The ABC "Made in America" series of segments indeed made for good TV - challenging Smithsonian about its gift shop sourcing, daring an average American household to turn its possessions out for inspection, and collaring Everyman on the street daring them to strip down to American-made-only clothing if any right there in front of their candid cameras and all turning up at the short end.
However I'm not sure that I care too much for their in-your-face journalism.
Can we now turn the tables on them and ask them:
- Diane Sawyer - what is the car you drive? your desk, your computer where were they made? your roofing, carpetting, at home... give us an accounting! where was the scarf you wore made? the suit? the jewelry? the perfume, the lipstick?
- David Muir - hey is that name your own? or is it French? Scotch? and the suits you wear? the shoes? the car?
- And ABC - could we please find out how local your suppliers are?

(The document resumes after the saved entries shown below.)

(* For every $k\ge 0$, $\mathbf F_{k+1}=\mathbf T\,\mathbf F_k$; that is, for every $a$-subset $I$ of $[-b,a-1]$, $\mathbf F_{k+1}[I]=\sum_J \mathbf T[I,J]\,\mathbf F_k[J]$, the sum running over all $a$-subsets $J$ of $[-b,a-1]$.
   Context: Let $S$ be a finite set of integers with $a:=\max S\ge 1$ and $b:=-\min S\ge 1$. Each $s\in S$ carries a weight $\omega_s$ in a field $K$ of characteristic $0$; set $\omega_s:=0$ for $s\in\mathbb Z\setminus S$, and for $s\in\mathbb Z$ put $\beta_s:=\delta_{s,0}-\omega_s$. Notation: $[m,n]:=\{i\in\mathbb Z: m\le i\le n\}$, $\mathbb N=\{0,1,2,\dots\}$, $\mathbb N_{\ge n}:=\{i\in\mathbb Z:i\ge n\}$, $X+c:=\{x+c:x\in X\}$; an $n$-subset is a subset of cardinality $n$. Given an integer $c$ and a finite set $I\subseteq\{i\in\mathbb Z:i<c\}$, an $(I,c)$-permutation of order $k\ge0$ is a bijection $\sigma:\mathbb N\to I\cup\mathbb N_{\ge c}$ with $\sigma(n)=n$ for all $n\ge k$; its number of inversions is $\mathrm{inv}(\sigma)=\#\{(i,j)\in\mathbb N^2:i<j,\ \sigma(i)>\sigma(j)\}$ and its signature is $\epsilon(\sigma)=(-1)^{\mathrm{inv}(\sigma)}$. For an $a$-subset $I$ of $[-b,a-1]$, $\mathfrak S_k^{(I)}$ denotes the (finite) set of $(I,a)$-permutations of order $k$, and for $\sigma\in\mathfrak S_k^{(I)}$, $\beta(\sigma):=\epsilon(\sigma)\prod_{i=0}^{k-1}\beta_{\sigma(i)-i}$. $\mathbf F_k$ is the vector indexed by the $a$-subsets of $[-b,a-1]$ with $\mathbf F_k[I]:=\sum_{\sigma\in\mathfrak S_k^{(I)}}\beta(\sigma)$. For a finite set $I\subseteq\mathbb Z$ and $s\in\mathbb Z$, $\epsilon_s(I):=(-1)^{\#\{i\in I:\ i<s\}}$. $\mathbf T$ is the square matrix with rows and columns indexed by the $a$-subsets of $[-b,a-1]$ and entries $\mathbf T[I,J]:=\epsilon_s(I)\beta_s$ if there is an integer $s$ with $I\cup\{a\}=(J+1)\cup\{s\}$ (such $s$ is then unique), and $\mathbf T[I,J]:=0$ otherwise. *)

theory Defs
  imports Main
begin

definition omega :: "int set \<Rightarrow> (int \<Rightarrow> 'k::field_char_0) \<Rightarrow> int \<Rightarrow> 'k" where
  "omega S w s = (if s \<in> S then w s else 0)"

definition beta :: "int set \<Rightarrow> (int \<Rightarrow> 'k::field_char_0) \<Rightarrow> int \<Rightarrow> 'k" where
  "beta S w s = (if s = 0 then 1 else 0) - omega S w s"

definition Icperm :: "int set \<Rightarrow> int \<Rightarrow> nat \<Rightarrow> (nat \<Rightarrow> int) \<Rightarrow> bool" where
  "Icperm I c k \<sigma> \<longleftrightarrow> bij_betw \<sigma> UNIV (I \<union> {c..}) \<and> (\<forall>n\<ge>k. \<sigma> n = int n)"

definition inv_count :: "(nat \<Rightarrow> int) \<Rightarrow> nat" where
  "inv_count \<sigma> = card {(i, j). i < j \<and> \<sigma> i > \<sigma> j}"

definition sgn_perm :: "(nat \<Rightarrow> int) \<Rightarrow> 'k::field_char_0" where
  "sgn_perm \<sigma> = (-1) ^ inv_count \<sigma>"

definition beta_perm :: "int set \<Rightarrow> (int \<Rightarrow> 'k::field_char_0) \<Rightarrow> nat \<Rightarrow> (nat \<Rightarrow> int) \<Rightarrow> 'k" where
  "beta_perm S w k \<sigma> = sgn_perm \<sigma> * (\<Prod>i<k. beta S w (\<sigma> i - int i))"

definition amax :: "int set \<Rightarrow> int" where "amax S = Max S"
definition bmin :: "int set \<Rightarrow> int" where "bmin S = - Min S"

definition Fvec :: "int set \<Rightarrow> (int \<Rightarrow> 'k::field_char_0) \<Rightarrow> nat \<Rightarrow> int set \<Rightarrow> 'k" where
  "Fvec S w k I = (\<Sum>\<sigma>\<in>{\<sigma>. Icperm I (amax S) k \<sigma>}. beta_perm S w k \<sigma>)"

definition eps_s :: "int \<Rightarrow> int set \<Rightarrow> 'k::field_char_0" where
  "eps_s s I = (-1) ^ card {i\<in>I. i < s}"

definition Tmat :: "int set \<Rightarrow> (int \<Rightarrow> 'k::field_char_0) \<Rightarrow> int set \<Rightarrow> int set \<Rightarrow> 'k" where
  "Tmat S w I J =
     (if \<exists>s. insert (amax S) I = (\<lambda>x. x + 1) ` J \<union> {s}
      then (let s = THE s. insert (amax S) I = (\<lambda>x. x + 1) ` J \<union> {s}
            in eps_s s I * beta S w s)
      else 0)"

definition asubsets :: "int set \<Rightarrow> int set set" where
  "asubsets S = {I. I \<subseteq> {- bmin S .. amax S - 1} \<and> card I = nat (amax S)}"

end

theory Submission
  imports Defs "HOL-Library.FuncSet"
begin

text \<open>Split an (I,a)-permutation \<sigma> of order k+1 into its first value s = \<sigma>(0) and the
tail n \<mapsto> \<sigma>(n+1) - 1. When s \<in> I \<union> {a}, the tail is a (J,a)-permutation of order k with
I \<union> {a} = (J+1) \<union> {s}, and this is a bijection. The inversions of \<sigma> involving position 0
are exactly the elements of I below s, so \<epsilon>(\<sigma>) = \<epsilon>_s(I) \<epsilon>(tail), while the factor
\<beta>_{\<sigma>(0)} = \<beta>_s; hence \<beta>(\<sigma>) = T[I,J] \<beta>(tail). All other \<sigma> contribute 0: if s > a, or if
J leaves [-b,a-1], some factor \<beta>_{\<sigma>(i)-i} has its index outside [-b,a] \ {0}.\<close>

lemma Icperm_inj: "Icperm I c k \<sigma> \<Longrightarrow> inj \<sigma>"
  unfolding Icperm_def bij_betw_def by blast

lemma Icperm_fixed: "Icperm I c k \<sigma> \<Longrightarrow> k \<le> n \<Longrightarrow> \<sigma> n = int n"
  unfolding Icperm_def by blast

lemma Icperm_image: "Icperm I c k \<sigma> \<Longrightarrow> range \<sigma> = I \<union> {c..}"
  unfolding Icperm_def bij_betw_def by blast

lemma Icperm_in_range: "Icperm I c k \<sigma> \<Longrightarrow> \<sigma> n \<in> I \<union> {c..}"
  using Icperm_image by blast

lemma Icperm_less_order:
  assumes "Icperm I c k \<sigma>" "n < k" shows "\<sigma> n < int k"
proof (rule ccontr)
  assume "\<not> \<sigma> n < int k"
  hence ge: "\<sigma> n \<ge> int k" by simp
  define m where "m = nat (\<sigma> n)"
  have "k \<le> m" using ge unfolding m_def by linarith
  hence "\<sigma> m = int m" using Icperm_fixed[OF assms(1)] by blast
  also have "int m = \<sigma> n" using ge unfolding m_def by simp
  finally have "m = n" using Icperm_inj[OF assms(1)] by (simp add: inj_eq)
  thus False using \<open>k \<le> m\<close> assms(2) by simp
qed

lemma finite_Icperm:
  assumes "finite I" shows "finite {\<sigma>. Icperm I c k \<sigma>}"
proof -
  let ?ext = "\<lambda>f::nat\<Rightarrow>int. \<lambda>n. if n < k then f n else int n"
  have "{\<sigma>. Icperm I c k \<sigma>} \<subseteq> ?ext ` ({..<k} \<rightarrow>\<^sub>E (I \<union> {c..<int k}))"
  proof
    fix \<sigma> assume "\<sigma> \<in> {\<sigma>. Icperm I c k \<sigma>}"
    hence P: "Icperm I c k \<sigma>" by simp
    have "restrict \<sigma> {..<k} \<in> {..<k} \<rightarrow>\<^sub>E (I \<union> {c..<int k})"
      using Icperm_in_range[OF P] Icperm_less_order[OF P] by auto
    moreover have "\<sigma> = ?ext (restrict \<sigma> {..<k})"
      using Icperm_fixed[OF P] by (auto simp: fun_eq_iff)
    ultimately show "\<sigma> \<in> ?ext ` ({..<k} \<rightarrow>\<^sub>E (I \<union> {c..<int k}))" by blast
  qed
  moreover have "finite ({..<k} \<rightarrow>\<^sub>E (I \<union> {c..<int k}))"
    using assms by (intro finite_PiE) auto
  ultimately show ?thesis by (meson finite_subset finite_imageI)
qed

lemma inversions_subset_order:
  assumes "Icperm I c k \<sigma>"
  shows "{(i, j). i < j \<and> \<sigma> i > \<sigma> j} \<subseteq> {..<k} \<times> {..<k}"
proof
  fix p assume "p \<in> {(i, j). i < j \<and> \<sigma> i > \<sigma> j}"
  then obtain i j where p: "p = (i, j)" "i < j" "\<sigma> i > \<sigma> j" by blast
  have "j < k"
  proof (rule ccontr)
    assume "\<not> j < k"
    hence j: "\<sigma> j = int j" "k \<le> j" using Icperm_fixed[OF assms] by simp_all
    have "i < k"
    proof (rule ccontr)
      assume "\<not> i < k"
      thus False using p j Icperm_fixed[OF assms, of i] by simp
    qed
    thus False using Icperm_less_order[OF assms] p j by fastforce
  qed
  thus "p \<in> {..<k} \<times> {..<k}" using p by simp
qed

It would be so much better if they would just do their real job as journalists. There are so many layers to this story that I wish they would spend the remaining segments on addressing those layers: for e.g.
- could they probe beyond the consumer level; is consumption at the business consumption level also all non-American? planes, trains, ships, tractors, elevators? perhaps we are ceding one type of production to the world, just so that we focus on where our country's value-add is greatest - is there enough mark-up and volume there in handmade furniture to keep all our demographics gainfully employed? if so we should all become hand-crafting carpenters and get the chinese out of the business of cheap machine made furniture, if not would we be better off learning the truth and redirecting our energies?

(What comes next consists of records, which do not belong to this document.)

lemma uniform_box_bound:
  assumes R: "0 \<le> R"
  shows "\<exists>K\<ge>eps. (\<forall>x\<in>{0..R}. \<forall>n y. in_box eps y \<longrightarrow> in_box K (Fcomp b m x n y))
      \<and> (\<forall>x\<in>{0..R}. in_box K (H x))"
proof -
  obtain K1 where K1: "\<forall>x\<in>{0..R}. \<forall>n y. in_box eps y \<longrightarrow> in_box K1 (Fcomp b m x n y)"
    using Fcomp_bounded[OF R] by blast
  obtain K2 where K2: "\<forall>x\<in>{0..R}. in_box K2 (H x)" using H_bounded[OF R] by blast
  have "in_box (max eps (max K1 K2)) (Fcomp b m x n y)" if "x \<in> {0..R}" "in_box eps y" for x n y
    using in_box_mono[OF K1[rule_format, OF that], of "max eps (max K1 K2)"] by simp
  moreover have "in_box (max eps (max K1 K2)) (H x)" if "x \<in> {0..R}" for x
    using in_box_mono[OF K2[rule_format, OF that], of "max eps (max K1 K2)"] by simp
  ultimately show ?thesis by (intro exI[of _ "max eps (max K1 K2)"]) auto
qed

lemma admissible_orbit_H:
  "x \<in> {0..R} \<Longrightarrow> \<forall>x\<in>{0..R}. in_box K (H x) \<Longrightarrow> admissible_orbit K x (\<lambda>j. H (Minv j x))"
  unfolding admissible_orbit_def using Minv_in_Icc H_in_box Minv_nonneg by auto

lemma admissible_orbit_Fcomp:
  "x \<in> {0..R} \<Longrightarrow> in_box eps y \<Longrightarrow> \<forall>x\<in>{0..R}. \<forall>n y. in_box eps y \<longrightarrow> in_box K (Fcomp b m x n y) \<Longrightarrow>
    admissible_orbit K x (\<lambda>j. Fcomp b m (Minv j x) (n - j) y)"
  unfolding admissible_orbit_def using Minv_in_Icc Fcomp_in_box Minv_nonneg by auto

lemma series_term_bound:
  assumes R: "0 \<le> R"
  shows "\<exists>Bd\<ge>0. \<forall>x\<in>{0..R}. \<forall>i\<in>{3..m}. \<forall>k. \<bar>series_term b m H (Suc k) x i\<bar> \<le> Bd * (3/4) ^ (k + 1)"
proof -
  obtain K where K: "K \<ge> eps" "\<forall>x\<in>{0..R}. in_box K (H x)" using uniform_box_bound[OF R] by blast
  then obtain Bd where Bd: "Bd \<ge> 0" "\<forall>x\<in>{0..R}. \<forall>W. admissible_orbit K x W \<longrightarrow>
      (\<forall>k\<ge>1. \<forall>i\<in>{3..m}. \<bar>chain_term x W k i\<bar> \<le> Bd * (3/4) ^ k)"
    using chain_term_bound[OF R, of K] eps_pos by auto
  have "\<bar>series_term b m H (Suc k) x i\<bar> \<le> Bd * (3/4) ^ (k + 1)"
    if x: "x \<in> {0..R}" and i: "i \<in> {3..m}" for x i k
  proof -
    have "\<bar>chain_term x (\<lambda>j. H (Minv j x)) (Suc k) i\<bar> \<le> Bd * (3/4) ^ Suc k"
      using Bd(2)[rule_format, OF x admissible_orbit_H[OF x K(2)], of "Suc k" i] i by simp
    then show ?thesis unfolding series_term_eq_chain_term by simp
  qed
  then show ?thesis using Bd(1) by blast
qed

lemma series_uniform_conv:
  "\<forall>R\<ge>0. \<forall>e>0. \<exists>N. \<forall>n\<ge>N. \<forall>x\<in>{0..R}. \<forall>i\<in>{3..m}. \<bar>(\<Sum>k=1..n. series_term b m H k x i) - dH x i\<bar> < e"
proof (intro allI impI)
  fix R e :: real assume R: "0 \<le> R" and e: "0 < e"
  obtain Bd where Bd: "Bd \<ge> 0" "\<forall>x\<in>{0..R}. \<forall>i\<in>{3..m}. \<forall>k. \<bar>series_term b m H (Suc k) x i\<bar>
      \<le> Bd * (3/4) ^ (k + 1)"
    using series_term_bound[OF R] by blast
  obtain N where N: "\<forall>k\<ge>N. (8 * Bd * (3/4)) * (3/4) ^ k < e"
    using eventually_mult_power_less[of "8 * Bd * (3/4)" e "3/4"] Bd e by auto
  have "\<bar>(\<Sum>k=1..n. series_term b m H k x i) - dH x i\<bar> < e"
    if n: "n \<ge> N" and x: "x \<in> {0..R}" and i: "i \<in> {3..m}" for n x i
  proof -
    have "\<bar>(\<Sum>k<n. series_term b m H (Suc k) x i) - dH x i\<bar> \<le> real n * 0 + 8 * Bd * (3/4) ^ (n + 1)"
      unfolding dH_def using Bd x i by (intro partial_sum_near_suminf) auto
    also have "\<dots> = (8 * Bd * (3/4)) * (3/4) ^ n" by simp
    also have "\<dots> < e" using N n by blast
    finally show ?thesis unfolding sum_atLeast1_atMost_shift .
  qed
  then show "\<exists>N. \<forall>n\<ge>N. \<forall>x\<in>{0..R}. \<forall>i\<in>{3..m}. \<bar>(\<Sum>k=1..n. series_term b m H k x i) - dH x i\<bar> < e"
    by blast
qed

- could they go beyond why America consumes so much more of goods produced outside but why does America consume so much at all? can we learn to live less largely, and within our means?

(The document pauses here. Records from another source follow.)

text \<open>At the right end only right children can be sprouted into the last endpoint,
  and the new rightmost endpoint costs a factor \<open>1 / b\<close>; symmetrically on the left.\<close>

lemma tree_weight_right:
  assumes "b \<noteq> 0" shows "b * tree_weight a b (u @ [True]) = tree_weight a b u"
proof -
  let ?k = "Suc (length u)"
  have no_trees: "leaf_sides False t \<noteq> (True # u) @ [True]" for t
    using leaf_sides_right_child[of t] by (metis append1_eq_conv)
  have last_leaf: "mu a b (sprout ?k t) = 1 / b * mu a b t"
    if "leaf_sides False t = (True # u) @ [False]" for t
  proof -
    have "num_leaves t = length u + 2" using that length_leaf_sides[of False t] by simp
    then show ?thesis using mu_sprout[of t ?k] by (cases t) auto
  qed
  have "tree_weight a b (u @ [True]) = (\<Sum>t | leaf_sides False t = (True # u) @ [True, False]. mu a b t)"
    by (simp add: tree_weight_def)
  also have "\<dots> = (\<Sum>t | leaf_sides False t = (True # u) @ [False]. mu a b (sprout ?k t))"
    using sum_over_cherry[of "mu a b" False "True # u" "[]"] no_trees by simp
  also have "\<dots> = 1 / b * tree_weight a b u"
    unfolding tree_weight_def sum_distrib_left by (rule sum.cong) (simp_all add: last_leaf)
  finally show ?thesis using assms by simp
qed

lemma tree_weight_left:
  assumes "a \<noteq> 0" shows "a * tree_weight a b (False # u) = tree_weight a b u"
proof -
  have no_trees: "leaf_sides False t \<noteq> False # u @ [False]" for t
    using leaf_sides_frame[of t False] by (cases "t = Leaf") auto
  have first_leaf: "mu a b (sprout 0 t) = 1 / a * mu a b t"
    if "leaf_sides False t = True # u @ [False]" for t
  proof -
    have "num_leaves t = length u + 2" using that length_leaf_sides[of False t] by simp
    then show ?thesis using mu_sprout[of t 0] by (cases t) auto
  qed
  have "tree_weight a b (False # u) = (\<Sum>t | leaf_sides False t = [] @ True # False # u @ [False]. mu a b t)"
    by (simp add: tree_weight_def)
  also have "\<dots> = (\<Sum>t | leaf_sides False t = True # u @ [False]. mu a b (sprout 0 t))"
    using sum_over_cherry[of "mu a b" False "[]" "u @ [False]"] no_trees by simp
  also have "\<dots> = 1 / a * tree_weight a b u"
    unfolding tree_weight_def sum_distrib_left by (rule sum.cong) (simp_all add: first_leaf)
  finally show ?thesis using assms by simp
qed

lemma reduced_eq_iff:
  assumes "t \<noteq> Leaf" shows "reduced t = C \<longleftrightarrow> leaf_sides False t = True # C @ [False]"
proof -
  obtain w where w: "leaf_sides False t = True # w @ [False]" using leaf_sides_frame[OF assms] by blast
  have "root_sides t = leaf_sides False t" using assms by (cases t) auto
  then show ?thesis using w by (simp add: reduced_def)
qed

And then in this interconnected day and age, shouldn't we celebrate our so-very-healthy diversity of tastes and interests? granted much of the diversity is motivated by bargain-hunting, but some of it reflects our complete open-mindedness; I so love it when I walk into a World Market's store and can't tell whether I'm in my native India, or the Fisherman's Wharf at San Francisco where I first ran into one. And that is something that should be celebrated, something that the world, China, India, Brazil can emulate - for if they followed our lead and shut their markets to the rest of the world and to us, the whole world will very soon hear the giant sucking sound that Ross Perot (I never thought I'd be taking his name this reverentially!) talked about nearly 20 years ago!